About this exercise: Below are entries. Copy exactly the lines running from the line that holds "at_right 0. s" to the line that holds "1) \<le> \<xi>", with both ends included.

Task material:
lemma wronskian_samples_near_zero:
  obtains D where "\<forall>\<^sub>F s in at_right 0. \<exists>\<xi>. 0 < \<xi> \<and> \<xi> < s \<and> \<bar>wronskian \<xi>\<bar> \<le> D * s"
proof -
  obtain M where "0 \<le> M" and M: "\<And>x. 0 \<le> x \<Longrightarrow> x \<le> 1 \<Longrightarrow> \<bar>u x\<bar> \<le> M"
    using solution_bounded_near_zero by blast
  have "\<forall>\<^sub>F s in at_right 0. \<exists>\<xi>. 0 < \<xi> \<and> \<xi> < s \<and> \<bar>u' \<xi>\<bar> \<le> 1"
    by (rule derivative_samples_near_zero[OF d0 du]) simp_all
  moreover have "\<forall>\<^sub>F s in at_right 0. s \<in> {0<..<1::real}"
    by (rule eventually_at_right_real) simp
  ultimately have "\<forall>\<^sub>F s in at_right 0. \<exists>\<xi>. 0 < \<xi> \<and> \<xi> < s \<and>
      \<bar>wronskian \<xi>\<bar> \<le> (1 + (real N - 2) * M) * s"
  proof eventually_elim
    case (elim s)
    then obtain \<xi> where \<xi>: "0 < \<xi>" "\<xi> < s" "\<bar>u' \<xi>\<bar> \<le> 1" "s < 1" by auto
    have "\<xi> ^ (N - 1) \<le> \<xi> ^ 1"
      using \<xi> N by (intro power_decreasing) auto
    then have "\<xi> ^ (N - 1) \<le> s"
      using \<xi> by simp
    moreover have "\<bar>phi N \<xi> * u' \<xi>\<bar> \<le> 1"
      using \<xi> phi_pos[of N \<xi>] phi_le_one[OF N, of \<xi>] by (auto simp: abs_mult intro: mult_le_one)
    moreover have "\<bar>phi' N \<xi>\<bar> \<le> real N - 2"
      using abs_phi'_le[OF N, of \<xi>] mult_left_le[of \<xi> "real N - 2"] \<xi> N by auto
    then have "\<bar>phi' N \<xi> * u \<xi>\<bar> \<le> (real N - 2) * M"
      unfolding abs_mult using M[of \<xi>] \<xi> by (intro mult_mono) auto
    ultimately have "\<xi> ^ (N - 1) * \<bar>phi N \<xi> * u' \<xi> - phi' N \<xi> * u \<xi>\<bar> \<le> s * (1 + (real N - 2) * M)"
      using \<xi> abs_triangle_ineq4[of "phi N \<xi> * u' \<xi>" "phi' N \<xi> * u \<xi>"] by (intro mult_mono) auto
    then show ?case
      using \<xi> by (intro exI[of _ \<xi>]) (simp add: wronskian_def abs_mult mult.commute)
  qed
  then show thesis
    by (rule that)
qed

==

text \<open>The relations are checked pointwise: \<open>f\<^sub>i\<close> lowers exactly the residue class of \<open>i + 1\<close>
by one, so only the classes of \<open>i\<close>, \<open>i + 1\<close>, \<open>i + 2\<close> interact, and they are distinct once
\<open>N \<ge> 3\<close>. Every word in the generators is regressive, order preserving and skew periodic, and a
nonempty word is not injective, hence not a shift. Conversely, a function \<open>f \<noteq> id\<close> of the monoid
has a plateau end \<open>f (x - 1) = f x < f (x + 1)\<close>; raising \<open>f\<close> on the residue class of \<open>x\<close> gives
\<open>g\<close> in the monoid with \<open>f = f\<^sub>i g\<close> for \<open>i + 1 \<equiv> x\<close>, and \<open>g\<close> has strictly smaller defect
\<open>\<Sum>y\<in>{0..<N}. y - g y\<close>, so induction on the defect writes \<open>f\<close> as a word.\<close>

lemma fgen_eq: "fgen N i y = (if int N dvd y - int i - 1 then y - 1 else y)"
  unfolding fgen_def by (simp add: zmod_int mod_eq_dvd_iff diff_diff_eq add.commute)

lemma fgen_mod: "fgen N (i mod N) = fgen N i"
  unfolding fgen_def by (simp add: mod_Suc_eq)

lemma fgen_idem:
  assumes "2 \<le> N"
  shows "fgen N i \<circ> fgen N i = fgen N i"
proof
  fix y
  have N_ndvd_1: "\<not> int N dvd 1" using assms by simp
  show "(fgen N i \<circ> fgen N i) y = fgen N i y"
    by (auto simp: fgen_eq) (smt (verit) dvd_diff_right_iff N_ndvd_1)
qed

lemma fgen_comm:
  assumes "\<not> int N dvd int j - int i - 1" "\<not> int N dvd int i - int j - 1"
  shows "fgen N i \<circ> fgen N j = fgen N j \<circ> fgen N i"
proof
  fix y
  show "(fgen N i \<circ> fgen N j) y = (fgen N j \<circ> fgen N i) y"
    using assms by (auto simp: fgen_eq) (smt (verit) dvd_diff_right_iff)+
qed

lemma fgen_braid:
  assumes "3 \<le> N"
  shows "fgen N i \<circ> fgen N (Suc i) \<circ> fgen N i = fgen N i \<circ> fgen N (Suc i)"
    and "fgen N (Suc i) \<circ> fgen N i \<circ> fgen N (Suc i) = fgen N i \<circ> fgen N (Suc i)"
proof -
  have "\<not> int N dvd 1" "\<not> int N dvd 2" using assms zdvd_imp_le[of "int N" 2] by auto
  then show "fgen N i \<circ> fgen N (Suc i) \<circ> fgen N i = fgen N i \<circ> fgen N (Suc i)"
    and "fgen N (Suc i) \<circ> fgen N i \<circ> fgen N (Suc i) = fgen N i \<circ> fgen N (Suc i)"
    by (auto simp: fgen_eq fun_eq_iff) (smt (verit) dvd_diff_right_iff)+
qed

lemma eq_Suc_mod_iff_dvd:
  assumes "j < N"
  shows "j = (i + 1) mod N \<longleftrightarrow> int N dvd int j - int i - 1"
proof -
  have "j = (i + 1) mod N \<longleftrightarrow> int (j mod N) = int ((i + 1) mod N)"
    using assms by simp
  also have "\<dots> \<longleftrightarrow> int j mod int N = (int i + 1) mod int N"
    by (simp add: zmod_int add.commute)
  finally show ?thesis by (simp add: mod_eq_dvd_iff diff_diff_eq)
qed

Task result:
  moreover have "\<forall>\<^sub>F s in at_right 0. s \<in> {0<..<1::real}"
    by (rule eventually_at_right_real) simp
  ultimately have "\<forall>\<^sub>F s in at_right 0. \<exists>\<xi>. 0 < \<xi> \<and> \<xi> < s \<and>
      \<bar>wronskian \<xi>\<bar> \<le> (1 + (real N - 2) * M) * s"
  proof eventually_elim
    case (elim s)
    then obtain \<xi> where \<xi>: "0 < \<xi>" "\<xi> < s" "\<bar>u' \<xi>\<bar> \<le> 1" "s < 1" by auto
    have "\<xi> ^ (N - 1) \<le> \<xi> ^ 1"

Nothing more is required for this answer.